Any one who tell me about Preparation and application of Nanomaterial for drug Delivery
what is Nano technology ?
Bob Reply
write examples of Nano molecule?
The nanotechnology is as new science, to scale nanometric
nanotechnology is the study, desing, synthesis, manipulation and application of materials and functional systems through control of matter at nanoscale
Is there any normative that regulates the use of silver nanoparticles?
Damian Reply
what king of growth are you checking .?
What fields keep nano created devices from performing or assimulating ? Magnetic fields ? Are do they assimilate ?
Stoney Reply
why we need to study biomolecules, molecular biology in nanotechnology?
Adin Reply
yes I'm doing my masters in nanotechnology, we are being studying all these domains as well..
what school?
biomolecules are e building blocks of every organics and inorganic materials.
Got questions?
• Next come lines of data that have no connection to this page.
(* Let $\mathbb{K}=\mathbb{R}$ or $\mathbb{C}$, let $n>r\ge1$ be integers, let $X$ be a real symmetric $n\times n$ matrix with eigenvalues $\lambda_1,\ldots,\lambda_n$, and let $\theta_1,\ldots,\theta_r$ be nonzero real numbers. Assume: (H) $\lambda_1,\ldots,\lambda_n$ are pairwise distinct, and there are pairwise distinct indices $i_1,\ldots,i_{r-1}\in\{1,\ldots,n\}$ such that $\{\lambda_{i_1}+\theta_1,\ldots,\lambda_{i_{r-1}}+\theta_{r-1}\}\cap\{\lambda_1,\ldots,\lambda_n\}=\emptyset$. For $g=[g_1,\ldots,g_r]\in\mathbb{K}^{n\times r}$ define $\widetilde X_g=X+\sum_{i=1}^r\theta_iu_iu_i^*$, where either $(u_1,\ldots,u_r)=\frac1{\sqrt n}(g_1,\ldots,g_r)$ for all $g$, or $(u_1,\ldots,u_r)$ is the orthonormal family obtained from the columns of $g$ by the Gram–Schmidt process (defined when these columns are linearly independent). Then, in either case, the set of $g\in\mathbb{K}^{n\times r}$ such that $\widetilde X_g$ is defined and $\widetilde X_g$ and $X$ have at least one eigenvalue in common has Lebesgue measure zero.
   Context: Lebesgue measure on $\mathbb{K}^{n\times r}$ is that of $\mathbb{R}^{nr}$ (if $\mathbb{K}=\mathbb{R}$) or $\mathbb{R}^{2nr}$ (if $\mathbb{K}=\mathbb{C}$) via real coordinates. Gram–Schmidt is with respect to $\langle v,w\rangle=\sum_k\overline{v_k}w_k$. *)

theory Defs
  imports "HOL-Analysis.Analysis"
begin

text \<open>n x n matrices are represented as functions nat => nat => 'a (entries (a,b) with a,b < n);
  vectors in K^n as functions nat => 'a (entries a < n); indices are 0-based.\<close>

definition is_eigenvalue :: "nat \<Rightarrow> (nat \<Rightarrow> nat \<Rightarrow> 'a::field) \<Rightarrow> 'a \<Rightarrow> bool" where
  "is_eigenvalue n A \<mu> \<longleftrightarrow>
     (\<exists>v. (\<exists>a<n. v a \<noteq> 0) \<and> (\<forall>a<n. (\<Sum>b<n. A a b * v b) = \<mu> * v a))"

definition lin_indep_cols :: "nat \<Rightarrow> nat \<Rightarrow> (nat \<Rightarrow> nat \<Rightarrow> 'a::field) \<Rightarrow> bool" where
  "lin_indep_cols n r c \<longleftrightarrow>
     (\<forall>\<alpha>. (\<forall>a<n. (\<Sum>j<r. \<alpha> j * c j a) = 0) \<longrightarrow> (\<forall>j<r. \<alpha> j = 0))"

definition cinner :: "nat \<Rightarrow> (nat \<Rightarrow> complex) \<Rightarrow> (nat \<Rightarrow> complex) \<Rightarrow> complex" where
  "cinner n v w = (\<Sum>k<n. cnj (v k) * w k)"

definition cnorm :: "nat \<Rightarrow> (nat \<Rightarrow> complex) \<Rightarrow> real" where
  "cnorm n v = sqrt (\<Sum>k<n. (cmod (v k))\<^sup>2)"

primrec gs_list :: "nat \<Rightarrow> (nat \<Rightarrow> nat \<Rightarrow> complex) \<Rightarrow> nat \<Rightarrow> (nat \<Rightarrow> complex) list" where
  "gs_list n c 0 = []"
| "gs_list n c (Suc k) =
     (let us = gs_list n c k;
          w = (\<lambda>a. c k a - (\<Sum>j<length us. cinner n (us ! j) (c k) * (us ! j) a))
      in us @ [(\<lambda>a. w a / complex_of_real (cnorm n w))])"

definition gram_schmidt :: "nat \<Rightarrow> nat \<Rightarrow> (nat \<Rightarrow> nat \<Rightarrow> complex) \<Rightarrow> nat \<Rightarrow> nat \<Rightarrow> complex" where
  "gram_schmidt n r c = (\<lambda>i. gs_list n c r ! i)"

definition scaled_cols :: "nat \<Rightarrow> (nat \<Rightarrow> nat \<Rightarrow> complex) \<Rightarrow> nat \<Rightarrow> nat \<Rightarrow> complex" where
  "scaled_cols n c = (\<lambda>i a. c i a / complex_of_real (sqrt (real n)))"

definition perturb :: "nat \<Rightarrow> (nat \<Rightarrow> nat \<Rightarrow> real) \<Rightarrow> (nat \<Rightarrow> real) \<Rightarrow> (nat \<Rightarrow> nat \<Rightarrow> complex)
    \<Rightarrow> nat \<Rightarrow> nat \<Rightarrow> complex" where
  "perturb r X \<theta> u = (\<lambda>a b. complex_of_real (X a b) + (\<Sum>i<r. complex_of_real (\<theta> i) * u i a * cnj (u i b)))"

definition cols_R :: "(nat \<times> nat \<Rightarrow> real) \<Rightarrow> nat \<Rightarrow> nat \<Rightarrow> complex" where
  "cols_R g = (\<lambda>j a. complex_of_real (g (a, j)))"

definition cols_C :: "(nat \<times> nat \<Rightarrow> complex) \<Rightarrow> nat \<Rightarrow> nat \<Rightarrow> complex" where
  "cols_C g = (\<lambda>j a. g (a, j))"

definition leb_R :: "nat \<Rightarrow> nat \<Rightarrow> (nat \<times> nat \<Rightarrow> real) measure" where
  "leb_R n r = completion (PiM ({..<n} \<times> {..<r}) (\<lambda>_. lborel))"

definition leb_C :: "nat \<Rightarrow> nat \<Rightarrow> (nat \<times> nat \<Rightarrow> complex) measure" where
  "leb_C n r = completion (PiM ({..<n} \<times> {..<r}) (\<lambda>_. lborel))"

definition shares_eigenvalue :: "nat \<Rightarrow> (nat \<Rightarrow> nat \<Rightarrow> complex) \<Rightarrow> (nat \<Rightarrow> nat \<Rightarrow> real) \<Rightarrow> bool" where
  "shares_eigenvalue n A X \<longleftrightarrow>
     (\<exists>\<mu>. is_eigenvalue n A \<mu> \<and> is_eigenvalue n (\<lambda>a b. complex_of_real (X a b)) \<mu>)"

end

theory Submission
  imports Defs "Jordan_Normal_Form.Char_Poly"
begin

text \<open>
  Fix an eigenvalue \<lambda> of X. It is an eigenvalue of X_g iff det (X_g - \<lambda>) = 0. For the scaled
  columns this determinant is a polynomial in the real coordinates of g; for Gram--Schmidt it
  becomes one after multiplying X_g by the product of the squared norms of the Gram--Schmidt
  vectors with cleared denominators. The zero set of a polynomial that does not vanish
  identically is Lebesgue-null (Fubini and induction on the number of variables), so it suffices
  to exhibit one g for which \<lambda> is not an eigenvalue of X_g. Take for u_i the eigenvectors
  e_(\<kappa> i) of X, with \<kappa> injective: X_g then has the eigenvalues \<lambda>_(\<kappa> i) + \<theta>_i and the
  remaining \<lambda>_k, and (H) allows \<kappa> to be chosen so that none of them is \<lambda>. A union over the n
  eigenvalues of X finishes the proof.
\<close>

section \<open>Polynomial functions and their zero sets\<close>

inductive poly_fun :: "'v set \<Rightarrow> (('v \<Rightarrow> 'b::euclidean_space) \<Rightarrow> real) \<Rightarrow> bool" for V where
  const: "poly_fun V (\<lambda>x. c)"
| coord: "v \<in> V \<Longrightarrow> b \<in> Basis \<Longrightarrow> poly_fun V (\<lambda>x. x v \<bullet> b)"
| add: "poly_fun V f \<Longrightarrow> poly_fun V g \<Longrightarrow> poly_fun V (\<lambda>x. f x + g x)"
| mult: "poly_fun V f \<Longrightarrow> poly_fun V g \<Longrightarrow> poly_fun V (\<lambda>x. f x * g x)"

lemma poly_fun_diff: "poly_fun V f \<Longrightarrow> poly_fun V g \<Longrightarrow> poly_fun V (\<lambda>x. f x - g x)"
  using poly_fun.add[OF _ poly_fun.mult[OF poly_fun.const[of V "-1"]], of f g] by simp

lemma poly_fun_fix_coord: "poly_fun V f \<Longrightarrow> poly_fun (V - {v}) (\<lambda>x. f (x(v := y)))"
proof (induction rule: poly_fun.induct)
  case (coord w b)
  then show ?case
    by (cases "w = v") (auto intro: poly_fun.intros)
qed (auto intro: poly_fun.intros)

lemma poly_fun_slice: "poly_fun V f \<Longrightarrow> poly_fun {()} (\<lambda>z. f (x(v := z ())))"
proof (induction rule: poly_fun.induct)
  case (coord w b)
  then show ?case
    by (cases "w = v") (auto intro: poly_fun.intros)
qed (auto intro: poly_fun.intros)

lemma measurable_poly_fun_comp:
  "poly_fun V f \<Longrightarrow> (\<And>v. v \<in> V \<Longrightarrow> (\<lambda>y. h y v) \<in> borel_measurable M) \<Longrightarrow>
    (\<lambda>y. f (h y)) \<in> borel_measurable M"
  by (induction rule: poly_fun.induct) auto

lemma borel_measurable_poly_fun:
  "poly_fun V f \<Longrightarrow> f \<in> borel_measurable (PiM V (\<lambda>_. lborel::'b::euclidean_space measure))"
  using measurable_poly_fun_comp[of V f "\<lambda>x. x"] by (simp add: measurable_component_singleton)

lemma null_sets_PiM_insert:
  fixes A :: "('v \<Rightarrow> 'b::euclidean_space) set"
  assumes "finite W" "v \<notin> W"
    and A: "A \<in> sets (PiM (insert v W) (\<lambda>_. lborel))"
    and fibres: "AE x in PiM W (\<lambda>_. lborel). {y. x(v := y) \<in> A} \<in> null_sets lborel"
  shows "A \<in> null_sets (PiM (insert v W) (\<lambda>_. lborel))"
proof -
  interpret product_sigma_finite "\<lambda>_. lborel :: 'b measure"
    by unfold_locales
  have "emeasure (PiM (insert v W) (\<lambda>_. lborel)) A
      = (\<integral>\<^sup>+ x. \<integral>\<^sup>+ y. indicator A (x(v := y)) \<partial>lborel \<partial>PiM W (\<lambda>_. lborel))"
    using A assms(1,2) by (simp add: product_nn_integral_insert[symmetric])
  also have "\<dots> = (\<integral>\<^sup>+ x. 0 \<partial>PiM W (\<lambda>_. lborel::'b measure))"
  proof (rule nn_integral_cong_AE)
    show "AE x in PiM W (\<lambda>_. lborel). (\<integral>\<^sup>+ y. indicator A (x(v := y)) \<partial>lborel) = 0"
      using fibres
    proof (rule eventually_mono)
      fix x assume null: "{y. x(v := y) \<in> A} \<in> null_sets lborel"
      have "(\<integral>\<^sup>+ y. indicator A (x(v := y)) \<partial>lborel) = (\<integral>\<^sup>+ y. indicator {y. x(v := y) \<in> A} y \<partial>lborel)"
        by (simp add: indicator_def)
      also have "\<dots> = 0"
        using nn_integral_indicator[OF null_setsD2[OF null]] null_setsD1[OF null] by simp
      finally show "(\<integral>\<^sup>+ y. indicator A (x(v := y)) \<partial>lborel) = 0" .
    qed
  qed
  finally show ?thesis
    using A by (simp add: null_sets_def)
qed

text \<open>Over a point outside the null zero set of \<open>f\<close> with the new variable frozen, the fibre of
  the zero set is the zero set of a nonvanishing polynomial in that variable alone.\<close>

lemma null_sets_poly_fun_zeros_from_line:
  fixes f :: "('v \<Rightarrow> 'b::euclidean_space) \<Rightarrow> real"
  assumes line: "\<And>g y0. poly_fun {()} g \<Longrightarrow> g (\<lambda>_. y0) \<noteq> 0 \<Longrightarrow>
      {y. g (\<lambda>_. y) = 0} \<in> null_sets (lborel::'b measure)"
    and "finite V" "poly_fun V f" "x0 \<in> space (PiM V (\<lambda>_. lborel::'b measure))" "f x0 \<noteq> 0"
  shows "{x \<in> space (PiM V (\<lambda>_. lborel)). f x = 0} \<in> null_sets (PiM V (\<lambda>_. lborel))"
  using assms(2-)
proof (induction V arbitrary: f x0 rule: finite_induct)
  case empty
  then have "{x \<in> space (PiM {} (\<lambda>_. lborel::'b measure)). f x = 0} = {}"
    by (auto simp: space_PiM)
  then show ?case by (simp only:) simp
next
  case (insert v W)
  let ?N = "PiM W (\<lambda>_. lborel::'b measure)"
  let ?f' = "\<lambda>x. f (x(v := x0 v))"
  have "poly_fun W ?f'"
    using poly_fun_fix_coord[OF insert.prems(1)] insert.hyps by (metis Diff_insert_absorb)
  moreover have "restrict x0 W \<in> space ?N"
    by (simp add: space_PiM)
  moreover have "(restrict x0 W)(v := x0 v) = x0"
    using insert.prems(2) by (auto simp: space_PiM PiE_def extensional_def fun_eq_iff)
  ultimately have null: "{x \<in> space ?N. ?f' x = 0} \<in> null_sets ?N"
    using insert.IH insert.prems(3) by fastforce
  show ?case
  proof (rule null_sets_PiM_insert[OF insert.hyps])
    show "{x \<in> space (PiM (insert v W) (\<lambda>_. lborel)). f x = 0} \<in> sets (PiM (insert v W) (\<lambda>_. lborel))"
      using borel_measurable_poly_fun[OF insert.prems(1)] by measurable
    show "AE x in ?N. {y. x(v := y) \<in> {x \<in> space (PiM (insert v W) (\<lambda>_. lborel)). f x = 0}} \<in> null_sets lborel"
      using AE_space AE_not_in[OF null]
    proof eventually_elim
      case (elim x)
      then have "{y. x(v := y) \<in> {x \<in> space (PiM (insert v W) (\<lambda>_. lborel)). f x = 0}} = {y. f (x(v := y)) = 0}"
        by (auto simp: space_PiM PiE_def extensional_def)
      moreover have "{y. f (x(v := y)) = 0} \<in> null_sets lborel"
        using line[OF poly_fun_slice[OF insert.prems(1), of x v], of "x0 v"] elim by (simp add: fun_upd_def)
      ultimately show ?case by simp
    qed
  qed
qed

lemma poly_fun_real_line_poly:
  "poly_fun V (g :: (unit \<Rightarrow> real) \<Rightarrow> real) \<Longrightarrow> \<exists>p. \<forall>y. g (\<lambda>_. y) = poly p y"
proof (induction rule: poly_fun.induct)
  case (const c)
  show ?case by (intro exI[of _ "[:c:]"]) simp
next
  case (coord v b)
  then show ?case by (intro exI[of _ "[:0, 1:]"]) simp
next
  case (add f g)
  then obtain p q where "\<forall>y. f (\<lambda>_. y) = poly p y" "\<forall>y. g (\<lambda>_. y) = poly q y" by blast
  then show ?case by (intro exI[of _ "p + q"]) simp
next
  case (mult f g)
  then obtain p q where "\<forall>y. f (\<lambda>_. y) = poly p y" "\<forall>y. g (\<lambda>_. y) = poly q y" by blast
  then show ?case by (intro exI[of _ "p * q"]) simp
qed

lemma null_sets_poly_fun_zeros_real_line:
  assumes "poly_fun {()} (g :: (unit \<Rightarrow> real) \<Rightarrow> real)" "g (\<lambda>_. y0) \<noteq> 0"
  shows "{y. g (\<lambda>_. y) = 0} \<in> null_sets lborel"
proof -
  obtain p where p: "\<forall>y. g (\<lambda>_. y) = poly p y"
    using poly_fun_real_line_poly[OF assms(1)] by blast
  with assms(2) have "p \<noteq> 0" by auto
  then have "finite {y. poly p y = 0}" by (rule poly_roots_finite)
  then show ?thesis using p by (simp add: finite_imp_null_set_lborel)
qed
definition pseudo_angular :: "('k::field \<Rightarrow> 'g::linordered_ab_group_add) \<Rightarrow> ('k \<Rightarrow> 'f::field) \<Rightarrow> ('k \<Rightarrow> 'f) \<Rightarrow> bool" where
  "pseudo_angular val res pan \<longleftrightarrow>
     (\<forall>x. x \<noteq> 0 \<longrightarrow> pan x \<noteq> 0) \<and>
     (\<forall>u\<in>units_of_ring (val_ring val). pan u = res u) \<and>
     (\<forall>u\<in>units_of_ring (val_ring val). \<forall>x. x \<noteq> 0 \<longrightarrow> pan (u * x) = res u * pan x) \<and>
     (\<forall>g c. c \<noteq> 0 \<longrightarrow> (\<exists>w. w \<noteq> 0 \<and> val w = g \<and> pan w = c)) \<and>
     (\<forall>x1 x2. x1 \<noteq> 0 \<longrightarrow> x2 \<noteq> 0 \<longrightarrow> x1 + x2 \<noteq> 0 \<longrightarrow>
        (val x1 < val x2 \<longrightarrow> pan (x1 + x2) = pan x1) \<and>
        (val x1 = val x2 \<longrightarrow> pan x1 + pan x2 \<noteq> 0 \<longrightarrow>
           val (x1 + x2) = val x1 \<and> pan (x1 + x2) = pan x1 + pan x2)) \<and>
     (\<forall>x y. x \<noteq> 0 \<longrightarrow> y \<noteq> 0 \<longrightarrow> same_sq_class (val x) (val y) \<longrightarrow> pan x = pan y \<longrightarrow>
        (\<exists>u. u \<noteq> 0 \<and> y = u ^ 2 * x)) \<and>
     (\<forall>a u. a \<noteq> 0 \<longrightarrow> u \<noteq> 0 \<longrightarrow> (\<exists>k. k \<noteq> 0 \<and> pan (a * u ^ 2) = pan a * k ^ 2))"
text \<open>
  A vertex on the 13-side with \<open>k\<close> out-neighbours has net degree \<open>2k - 5\<close>, one on the 5-side
  with in-degree \<open>r\<close> has net degree \<open>13 - 2r\<close>; so \<open>k \<equiv> 2\<beta> + 1\<close> and \<open>r \<equiv> \<beta> + 2\<close> (mod 3)
  are the targets for the selection lemma above.
\<close>
lemma in_S3_indexed_5_13:
  assumes "indexed_bipartition xs {..<5::nat} ys {..<13::nat}"
  shows "in_S3 (xs ` {..<5} \<union> ys ` {..<13}) (complete_bipartite (xs ` {..<5}) (ys ` {..<13}))"
proof -
  interpret indexed_bipartition xs "{..<5}" ys "{..<13}" by (fact assms)
  show ?thesis
  proof (rule in_S3I)
    fix \<beta> :: "'a \<Rightarrow> int" assume sum: "(\<Sum>v\<in>verts. \<beta> v) mod 3 = 0"
    define k where "k j = nat ((2 * \<beta> (ys j)) mod 3) + 1" for j
    define t where "t i = \<beta> (xs i) + 2" for i
    have int_k: "int (k j) = (2 * \<beta> (ys j)) mod 3 + 1" for j
      unfolding k_def by simp
    have k: "k j \<in> {1, 2, 3}" for j
    proof -
      have "(2 * \<beta> (ys j)) mod 3 \<in> {0, 1, 2}" by auto
      then show ?thesis unfolding k_def by auto
    qed
    have "(\<Sum>v\<in>verts. \<beta> v) = (\<Sum>i<5. \<beta> (xs i)) + (\<Sum>j<13. \<beta> (ys j))"
      using disjoint inj_xs inj_ys by (simp add: sum.union_disjoint sum.reindex)
    then have "(\<Sum>i<5. t i) mod 3 = (\<Sum>j<13. int (k j)) mod 3"
      using mod_3_sum_shift_5_13[of "\<lambda>i. \<beta> (xs i)" "\<lambda>j. \<beta> (ys j)"] sum
      unfolding t_def int_k by simp
    then obtain sel where sel: "\<And>j. j < 13 \<Longrightarrow> sel j \<subseteq> {..<5} \<and> card (sel j) = k j"
      and cyclic: "\<And>j. j < 5 \<Longrightarrow> j \<notin> sel j \<and> Suc j mod 5 \<in> sel j"
      and count: "\<And>i. i < 5 \<Longrightarrow> int (card {j\<in>{..<13}. i \<in> sel j}) mod 3 = t i mod 3"
      by (rule exists_selection_5_13[OF k]) (rule that)
    have "strongly_connected {..<5} (\<lambda>i i'. \<exists>j\<in>{..<13}. i \<notin> sel j \<and> i' \<in> sel j)"
      using cyclic by (intro strongly_connected_cycle) force+
    moreover have "sel j \<subseteq> {..<5} \<and> sel j \<noteq> {} \<and> sel j \<noteq> {..<5}" if "j \<in> {..<13}" for j
      using sel[of j] k[of j] that by auto
    ultimately have "strongly_connected verts (orient sel)"
      by (intro strongly_connected_orient)
    moreover have "net_degree verts (orient sel) v mod 3 = \<beta> v mod 3" if v: "v \<in> verts" for v
    proof (cases "v \<in> xs ` {..<5}")
      case True
      then obtain i where "i < 5" "v = xs i" by auto
      moreover have "r mod 3 = (b + 2) mod 3 \<Longrightarrow> (13 - 2 * r) mod 3 = b mod 3" for r b :: int
        by presburger
      ultimately show ?thesis
        using net_degree_orient_xs[of i sel] count[of i] unfolding t_def by simp
    next
      case False
      then obtain j where "j < 13" "v = ys j" using v by auto
      moreover have "(2 * ((2 * c) mod 3 + 1) - 5) mod 3 = c mod 3" for c :: int
        by presburger
      ultimately show ?thesis
        using net_degree_orient_ys[of j sel] sel[of j] int_k[of j] by simp
    qed
    ultimately show "\<exists>D. orientation (complete_bipartite (xs ` {..<5}) (ys ` {..<13})) D \<and>
        strongly_connected verts D \<and> (\<forall>v\<in>verts. net_degree verts D v mod 3 = \<beta> v mod 3)"
      using orientation_orient by blast
  qed
qed
lemma Tset_attractor:
  "Tset A B \<noteq> {}" "compact (Tset A B)" "gmap A B ` Tset A B = (\<Union>\<delta>\<in>Dset B. \<delta> ` Tset A B)"
proof -
  define t :: pt where "t = ((of_int B - 1) / 2, 0)"
  have gmap: "gmap A B z = Mmul A B z + t" for z by (simp add: gmap_def t_def)
  define h where "h \<delta> z = \<delta> z - t" for \<delta> :: "pt \<Rightarrow> pt" and z
  have invariance_iff: "gmap A B ` S = (\<Union>\<delta>\<in>Dset B. \<delta> ` S) \<longleftrightarrow> S = (\<Union>\<delta>\<in>Dset B. (Mmul_inv A B \<circ> h \<delta>) ` S)" for S
    by (subst image_eq_iff_eq_image_inverse[where g="\<lambda>z. Mmul_inv A B (z - t)"])
       (simp_all add: gmap Mmul_Mmul_inv Mmul_inv_Mmul image_UN image_image h_def)
  have "contracting_ifs (qnorm A B) (1/2) (Dset B) (\<lambda>\<delta>. Mmul_inv A B \<circ> h \<delta>) (sqrt (qform_contraction B))"
  proof (rule contracting_ifs_Mmul_inv)
    fix \<delta> x y assume "\<delta> \<in> Dset B"
    hence "h \<delta> x - h \<delta> y = x - y \<or> h \<delta> x - h \<delta> y = - (x - y)"
      using B_ge by (auto simp: Dset_eq h_def xshift_diff)
    thus "qnorm A B (h \<delta> x - h \<delta> y) = qnorm A B (x - y)" using qnorm_uminus by metis
  qed (use B_ge in \<open>auto simp: Dset_eq h_def xshift_def intro!: continuous_intros\<close>)
  from contracting_ifs.attractor_ex1[OF this]
  have "\<exists>!S. S \<noteq> {} \<and> compact S \<and> gmap A B ` S = (\<Union>\<delta>\<in>Dset B. \<delta> ` S)"
    by (simp only: invariance_iff[symmetric])
  hence "Tset A B \<noteq> {} \<and> compact (Tset A B) \<and> gmap A B ` Tset A B = (\<Union>\<delta>\<in>Dset B. \<delta> ` Tset A B)"
    unfolding Tset_def by (rule theI')
  thus "Tset A B \<noteq> {}" "compact (Tset A B)" "gmap A B ` Tset A B = (\<Union>\<delta>\<in>Dset B. \<delta> ` Tset A B)"
    by blast+
qed

lemma Tl_eqI:
  assumes "W \<noteq> {}" "compact W" "Mmul A B ` W = (\<Union>k\<in>{0..B-1}. xshift k ` W)"
  shows "Tl A B = W"
proof -
  have invariance_iff: "Mmul A B ` S = (\<Union>k\<in>{0..B-1}. xshift k ` S) \<longleftrightarrow> S = (\<Union>k\<in>{0..B-1}. (Mmul_inv A B \<circ> xshift k) ` S)" for S
    by (subst image_eq_iff_eq_image_inverse[where g="Mmul_inv A B"])
       (simp_all add: Mmul_Mmul_inv Mmul_inv_Mmul image_UN image_comp)
  have "contracting_ifs (qnorm A B) (1/2) {0..B-1} (\<lambda>k. Mmul_inv A B \<circ> xshift k) (sqrt (qform_contraction B))"
    using B_ge by (intro contracting_ifs_Mmul_inv) (auto simp: xshift_def intro!: continuous_intros)
  from contracting_ifs.attractor_ex1[OF this]
  have "\<exists>!S. S \<noteq> {} \<and> compact S \<and> Mmul A B ` S = (\<Union>k\<in>{0..B-1}. xshift k ` S)"
    by (simp only: invariance_iff[symmetric])
  thus ?thesis
    unfolding Tl_def xshift_def[abs_def]
    by (rule the1_equality) (use assms in \<open>simp add: xshift_def[abs_def]\<close>)
qed
lemma hess_ge_diag_fun:
  assumes "0 < d" "pdiff x \<bullet> pdiff x < 8" "psum x \<bullet> psum x < 8"
  shows "hess_ge (diag_fun d) x (diag_modulus d (pdiff x \<bullet> pdiff x))"
  unfolding hess_ge_def
proof
  fix v :: "'a \<times> 'a"
  define S where "S = pdiff x \<bullet> pdiff x"
  have "diag_modulus d S * (norm v)\<^sup>2
      = min (diag_bump' d S) ((diag_bump d S)\<^sup>2) * (pdiff v \<bullet> pdiff v + psum v \<bullet> psum v)"
    by (simp add: diag_modulus_def inner_pdiff_add_inner_psum power2_norm_eq_inner)
  also have "\<dots> \<le> diag_bump' d S * (pdiff v \<bullet> pdiff v) + (diag_bump d S)\<^sup>2 * (psum v \<bullet> psum v)"
    by (simp add: distrib_left add_mono mult_right_mono)
  also have "\<dots> \<le> diag_fun_D2 d x v v"
    using assms by (simp add: S_def diag_fun_D2_ge)
  also have "\<dots> = (\<Sum>i\<in>Basis. \<Sum>j\<in>Basis. (v \<bullet> i) * hess_entry (diag_fun d) x i j * (v \<bullet> j))"
    by (rule hess_quadratic_form_eq[OF diag_fun_has_derivative diag_fun_D_has_derivative
          diag_fun_D2_commute, symmetric])
  finally show "diag_modulus d (pdiff x \<bullet> pdiff x) * (norm v)\<^sup>2
      \<le> (\<Sum>i\<in>Basis. \<Sum>j\<in>Basis. (v \<bullet> i) * hess_entry (diag_fun d) x i j * (v \<bullet> j))"
    by (simp only: S_def)
qed

lemma inner_self_less_4: "norm (x :: 'a::real_inner) < 2 \<Longrightarrow> x \<bullet> x < 4"
  using power_strict_mono[of "norm x" 2 2] by (simp add: power2_norm_eq_inner)

lemma hess_entry_bump_fun_ball:
  assumes "4 < T" "norm x < 2"
  shows "hess_entry (bump_fun d T) x i j = hess_entry (diag_fun d) x i j"
proof (rule hess_entry_cong_open[of "ball 0 2"])
  show "bump_fun d T y = diag_fun d y" if "y \<in> ball 0 2" for y :: "'a \<times> 'a"
    using inner_self_less_4[of y] that assms by (simp add: bump_fun_def cutoff_eq_1)
qed (use assms in auto)

lemma hess_ge_bump_fun_ball:
  assumes "0 < d" "4 < T" "norm x < 2"
  shows "hess_ge (bump_fun d T) x (diag_modulus d (pdiff x \<bullet> pdiff x))"
proof -
  have "pdiff x \<bullet> pdiff x < 8" "psum x \<bullet> psum x < 8"
    using inner_pdiff_add_inner_psum[of x] inner_self_less_4[OF assms(3)]
      inner_ge_zero[of "pdiff x"] inner_ge_zero[of "psum x"] by linarith+
  then show ?thesis
    using hess_ge_diag_fun[OF assms(1)] hess_entry_bump_fun_ball[OF assms(2,3)]
    by (simp add: hess_ge_def)
qed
Join the online conversation and get instant answers!
Jobilize.com Reply

Get Jobilize Job Search Mobile App in your pocket Now!

Get it on Google Play

Source:  OpenStax, An introduction to the fdm-tdm digital transmultiplexer. OpenStax CNX. Nov 16, 2010 Download for free at http://cnx.org/content/col11165/1.2
Google Play and the Google Play logo are trademarks of Google Inc.

Notification Switch

Would you like to follow the 'An introduction to the fdm-tdm digital transmultiplexer' conversation and receive update notifications?